- The Washington Times - Tuesday, September 5, 2000

Even in the age of e-mail, friends still cherish face-to-face contact.

Harriet Smith of College Park knows all about that. Single for all of her 57 years, Miss Smith says she often longs for a meal with friends.

"I get tired of eating by myself," she says. "Sometimes I cry out to God, 'Why can't I share a meal with somebody? I've invited lots of people to my house, but it's a little harder to invite the whole family."

Therein lies the problem for many singles in their struggle to maintain friendships with married friends: logistics.

"A new family, especially with young children, that can put so much pressure on you," says Kimberly Hartke of Reston, who founded True Love Ministries (www.truelove.org) to help single women move toward marriage. "It does take work, sometimes."

Mrs. Hartke didn't get married herself until she was 40, so she says she understands the problems single people face trying to stay in contact with married friends. She says couples should try to invite singles to parties and other social gatherings when they can.

Mrs. Hartke tells of a New Year's Eve party she and her husband threw a few years ago where they made up a guest list that included 20 percent to 30 percent singles. She gave the singles different-colored name tags so they could find each other and seated them closer to the dance floor.

"There's nothing more awkward that approaching a married person and have them shun you when you ask them to dance," Mrs. Hartke says. "For guys, that must be devastating. If it's a dark room, what if they can't see the ring?"

She says the singles had a "blast," and she didn't field one complaint from a single who felt embarrassed by any "meat market" feelings, either that night or in any of her other endeavors.
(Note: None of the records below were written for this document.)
lemma e_bar_eq_Max_common_zeros:
  assumes "rep_system m R"
  shows "e_bar TYPE('a) r d m
       = Max ((\<lambda>Gs. card (common_zeros m d R Gs))
           ` (PR_families m d r :: ((nat \<Rightarrow> nat) \<Rightarrow> 'a::{finite,field}) set set))"
proof -
  let ?zeros = "\<lambda>Gs. card {L \<in> proj_points m. \<forall>G\<in>Gs. \<forall>v\<in>L. eval_poly m G v = (0::'a)}"
  have "e_bar TYPE('a) r d m = Max (?zeros ` PR_families m d r)"
    unfolding e_bar_def PR_families_def by (intro arg_cong[where f = Max]) auto
  also have "?zeros ` PR_families m d r = (\<lambda>Gs. card (common_zeros m d R Gs)) ` PR_families m d r"
  proof (rule image_cong[OF refl])
    fix Gs :: "((nat \<Rightarrow> nat) \<Rightarrow> 'a) set"
    assume "Gs \<in> PR_families m d r"
    then show "?zeros Gs = card (common_zeros m d R Gs)"
      using PR_hom_polys_subset by (intro card_proj_common_zeros[OF assms]) (auto simp: PR_families_def)
  qed
  finally show ?thesis .
qed

theorem lemma6p2:
  fixes R :: "(nat \<Rightarrow> 'a::{finite,field}) set" and m d r :: nat
  assumes "m \<ge> 1"
    and "rep_system m R"
    and "d \<ge> 1"
    and "1 \<le> r"
    and "r \<le> (m + d choose d) - r_d TYPE('a) m d"
  shows "gen_hamming_weight (PRM d m R) r = p_m CARD('a) m - e_bar TYPE('a) r d m"
proof -
  let ?zeros = "\<lambda>Gs. card (common_zeros m d R Gs)"
  have "gen_hamming_weight (PRM d m R) r = Min ((\<lambda>Gs. card R - ?zeros Gs) ` PR_families m d r)"
    unfolding gen_hamming_weight_def subcode_supports[OF assms(2,3)] ..
  also have "\<dots> = card R - Max (?zeros ` PR_families m d r)"
    using finite_PR_families PR_families_nonempty[OF assms(5)] by (rule Min_diff_image_eq)
  also have "\<dots> = p_m CARD('a) m - e_bar TYPE('a) r d m"
    using card_rep_system[OF assms(2)] e_bar_eq_Max_common_zeros[OF assms(2)] by simp
  finally show ?thesis .
qed

end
"I've never heard a person express reluctance," Mrs. Hartke says. "Certainly, some singles' sensibilities get ruffled, but I've never gotten a negative reaction that I know of."

Karen Wilson, a software engineer in Burtonsville, says her married friends don't need to go to anywhere near the elaborate lengths Mrs. Hartke did that New Year's Eve to help her. A phone call would do nicely.

"There is one thing that would help me if married friends would call me," Miss Wilson says. "Even if they only have 10 minutes to talk on the phone. Married people have the assumption that if you're single, you're never home. I always feel like, 'How did you know if you didn't bother to call?' "

On the other hand, married couples say their single friends shouldn't necessarily feel cut off totally just because they haven't been in contact for a while.

"There were inevitable changes when we got married," says Ellen Nunnelee of the District, who has been married to Frank Lennox for 12 years. "There are probably people I would have become closer friends with or seen more of if I were still single. It's nothing personal, it's just what happens when you get married. You can't see anybody, it seems."

Kay Lynch of Richmond has two young children, which makes it even harder for her to spend time with her single friend, Martha Goodman. She echoes Ms. Nunnelee's comments.

"It is very hard when you have young children to make the time," she says. But, noting that Miss Goodman has been able to help with some of the baby-sitting and errand-running, Mrs. Lynch notes with a chuckle, "There are some nice fringe benefits."